Where Pith is reading between the lines
- The same measurement approach could be applied to additional providers to test whether the reported patterns hold across the broader ecosystem.
- Automated tools that select orchestration strategies or provision based on these observed scaling and cost signatures could be developed.
- Similar characterization on emerging workflow features or new dataflow patterns would extend the practical guidance for users.
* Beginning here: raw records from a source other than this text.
lemma inverse_square_max_lipschitz:
  fixes m x y :: real
  assumes "0 < m"
  shows "\<bar>1 / (max m x)\<^sup>2 - 1 / (max m y)\<^sup>2\<bar> \<le> 2 / m ^ 3 * \<bar>x - y\<bar>"
proof -
  define X Y where "X = max m x" and "Y = max m y"
  have "m \<le> X" "m \<le> Y" "0 < X" "0 < Y" using assms by (auto simp: X_def Y_def)
  have "1 / X\<^sup>2 - 1 / Y\<^sup>2 = (Y - X) * (1 / (X * Y\<^sup>2) + 1 / (X\<^sup>2 * Y))"
    using \<open>0 < X\<close> \<open>0 < Y\<close> by (simp add: field_simps power2_eq_square)
  then have "\<bar>1 / X\<^sup>2 - 1 / Y\<^sup>2\<bar> = \<bar>X - Y\<bar> * (1 / (X * Y\<^sup>2) + 1 / (X\<^sup>2 * Y))"
    using \<open>0 < X\<close> \<open>0 < Y\<close> by (simp add: abs_mult abs_minus_commute)
  also have "\<dots> \<le> \<bar>x - y\<bar> * (1 / m ^ 3 + 1 / m ^ 3)"
  proof (intro mult_mono add_mono)
    show "\<bar>X - Y\<bar> \<le> \<bar>x - y\<bar>" by (auto simp: X_def Y_def)
    have "m\<^sup>2 \<le> X\<^sup>2" "m\<^sup>2 \<le> Y\<^sup>2"
      using \<open>m \<le> X\<close> \<open>m \<le> Y\<close> assms by (auto intro: power_mono)
    then have "m * m\<^sup>2 \<le> X * Y\<^sup>2" "m\<^sup>2 * m \<le> X\<^sup>2 * Y"
      using \<open>m \<le> X\<close> \<open>m \<le> Y\<close> assms by (auto intro!: mult_mono)
    then have "m ^ 3 \<le> X * Y\<^sup>2" "m ^ 3 \<le> X\<^sup>2 * Y"
      by (simp_all add: power3_eq_cube power2_eq_square mult_ac)
    then show "1 / (X * Y\<^sup>2) \<le> 1 / m ^ 3" "1 / (X\<^sup>2 * Y) \<le> 1 / m ^ 3"
      using assms \<open>0 < X\<close> \<open>0 < Y\<close> by (auto intro!: divide_left_mono)
  qed (use \<open>0 < X\<close> \<open>0 < Y\<close> in auto)
  finally show ?thesis by (simp add: X_def Y_def mult.commute)
qed

section \<open>A global Picard--Lindelof theorem\<close>

lemma ext_cont_in_bcontfun:
  fixes f :: "'a::euclidean_space \<Rightarrow> 'b::metric_space"
  assumes "continuous_on (cbox a b) f"
  shows "ext_cont f a b \<in> bcontfun"
  using assms
  by (auto intro!: continuous_on_ext_cont simp: bcontfun_def)
    (auto simp: ext_cont_def intro!: clamp_bounded compact_imp_bounded[OF compact_continuous_image])

lemma fixpoint_dist_le:
  fixes \<Phi> \<Psi> :: "'a::metric_space \<Rightarrow> 'a"
  assumes "\<Phi> p = p" "\<Psi> q = q" "\<And>x y. dist (\<Psi> x) (\<Psi> y) \<le> c * dist x y"
  shows "(1 - c) * dist p q \<le> dist (\<Phi> p) (\<Psi> p)"
proof -
  have "dist p q \<le> dist (\<Phi> p) (\<Psi> p) + dist (\<Psi> p) (\<Psi> q)"
    using dist_triangle[of "\<Phi> p" "\<Psi> q" "\<Psi> p"] assms(1,2) by simp
  then show ?thesis using assms(3)[of p q] assms(2) by (simp add: algebra_simps)
qed

lemma clamp_real:
  fixes a b t u :: real
  assumes "a \<le> b"
  shows "clamp a b t \<in> {a..b}" and "u \<in> {a..b} \<Longrightarrow> clamp a b u = u"
  using assms clamp_in_interval[of a b t] clamp_cancel_cbox[of u a b] by auto

lemma norm_integral_exp_bound:
  fixes G :: "real \<Rightarrow> 'a::banach"
  assumes "0 < L" "a \<le> u" "continuous_on {a..u} G"
    and bound: "\<And>s. s \<in> {a..u} \<Longrightarrow> norm (G s) \<le> C * exp (L * (s - a))"
  shows "norm (integral {a..u} G) \<le> C * exp (L * (u - a)) / L"
proof -
  have "((\<lambda>s. C * exp (L * (s - a)) / L) has_real_derivative C * exp (L * (s - a))) (at s within {a..u})" for s
    using \<open>0 < L\<close> by (auto intro!: derivative_eq_intros)
  then have exp_integral: "((\<lambda>s. C * exp (L * (s - a))) has_integral
      C * exp (L * (u - a)) / L - C * exp (L * (a - a)) / L) {a..u}"
    by (intro fundamental_theorem_of_calculus \<open>a \<le> u\<close>)
      (simp add: has_real_derivative_iff_has_vector_derivative)
  have "0 \<le> C" using order_trans[OF norm_ge_zero bound[of a]] \<open>a \<le> u\<close> by simp
  have "norm (integral {a..u} G) \<le> integral {a..u} (\<lambda>s. C * exp (L * (s - a)))"
    by (rule integral_norm_bound_integral[OF integrable_continuous_real[OF assms(3)]
          has_integral_integrable[OF exp_integral] bound])
  also have "\<dots> = C * exp (L * (u - a)) / L - C / L"
    using integral_unique[OF exp_integral] by simp
  also have "\<dots> \<le> C * exp (L * (u - a)) / L"
    using \<open>0 \<le> C\<close> \<open>0 < L\<close> by simp
  finally show ?thesis .
qed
- The cost and latency data could serve as inputs for economic models of serverless application deployment decisions.
Load-bearing premise
The 25 selected workflows represent typical real-world FaaS usage and the observed behaviors extend beyond the tested platforms and conditions.
What would settle it
A new workflow or an untested platform showing markedly different cold-start latency distributions or cost curves from those reported would undermine the claimed general insights.
Figures
read the original abstract
Function-as-a-service (FaaS) is a popular serverless computing paradigm for developing event-driven functions that elastically scale on public clouds. FaaS workflows, such as AWS Step Functions and Azure Durable Functions, are composed from FaaS functions, like AWS Lambda and Azure Functions, to build practical applications. But, the complex interactions between functions in the workflow and the limited visibility into the internals of proprietary FaaS platforms are major impediments to gaining a deeper understanding of FaaS workflow platforms. While several works characterize FaaS platforms to derive such insights, there is a lack of a principled and rigorous study for FaaS workflow platforms, which have unique scaling, performance and costing behavior influenced by the platform design, dataflow and workloads. In this article, we perform extensive evaluations of three popular FaaS workflow platforms from AWS and Azure, running 25 micro-benchmark and application workflows over 132k invocations. Our detailed analysis confirms some conventional wisdom but also uncovers unique insights on the function execution, workflow orchestration, inter-function interactions, cold-start scaling and monetary costs. Our observations help developers better configure and program these platforms, set performance and scalability expectations, and identify research gaps on enhancing the platforms.
Editorial analysis
A structured set of objections, weighed in public.
Referee Report
Summary. The paper presents an empirical characterization of FaaS workflow platforms (AWS Step Functions, Azure Durable Functions, and related services) by executing 25 micro-benchmark and application workflows across 132k invocations on AWS and Azure. It analyzes function execution times, workflow orchestration overhead, inter-function interactions, cold-start scaling behavior, and monetary costs, claiming to both confirm aspects of conventional wisdom and uncover new platform-specific insights that can guide developer configuration and identify research directions.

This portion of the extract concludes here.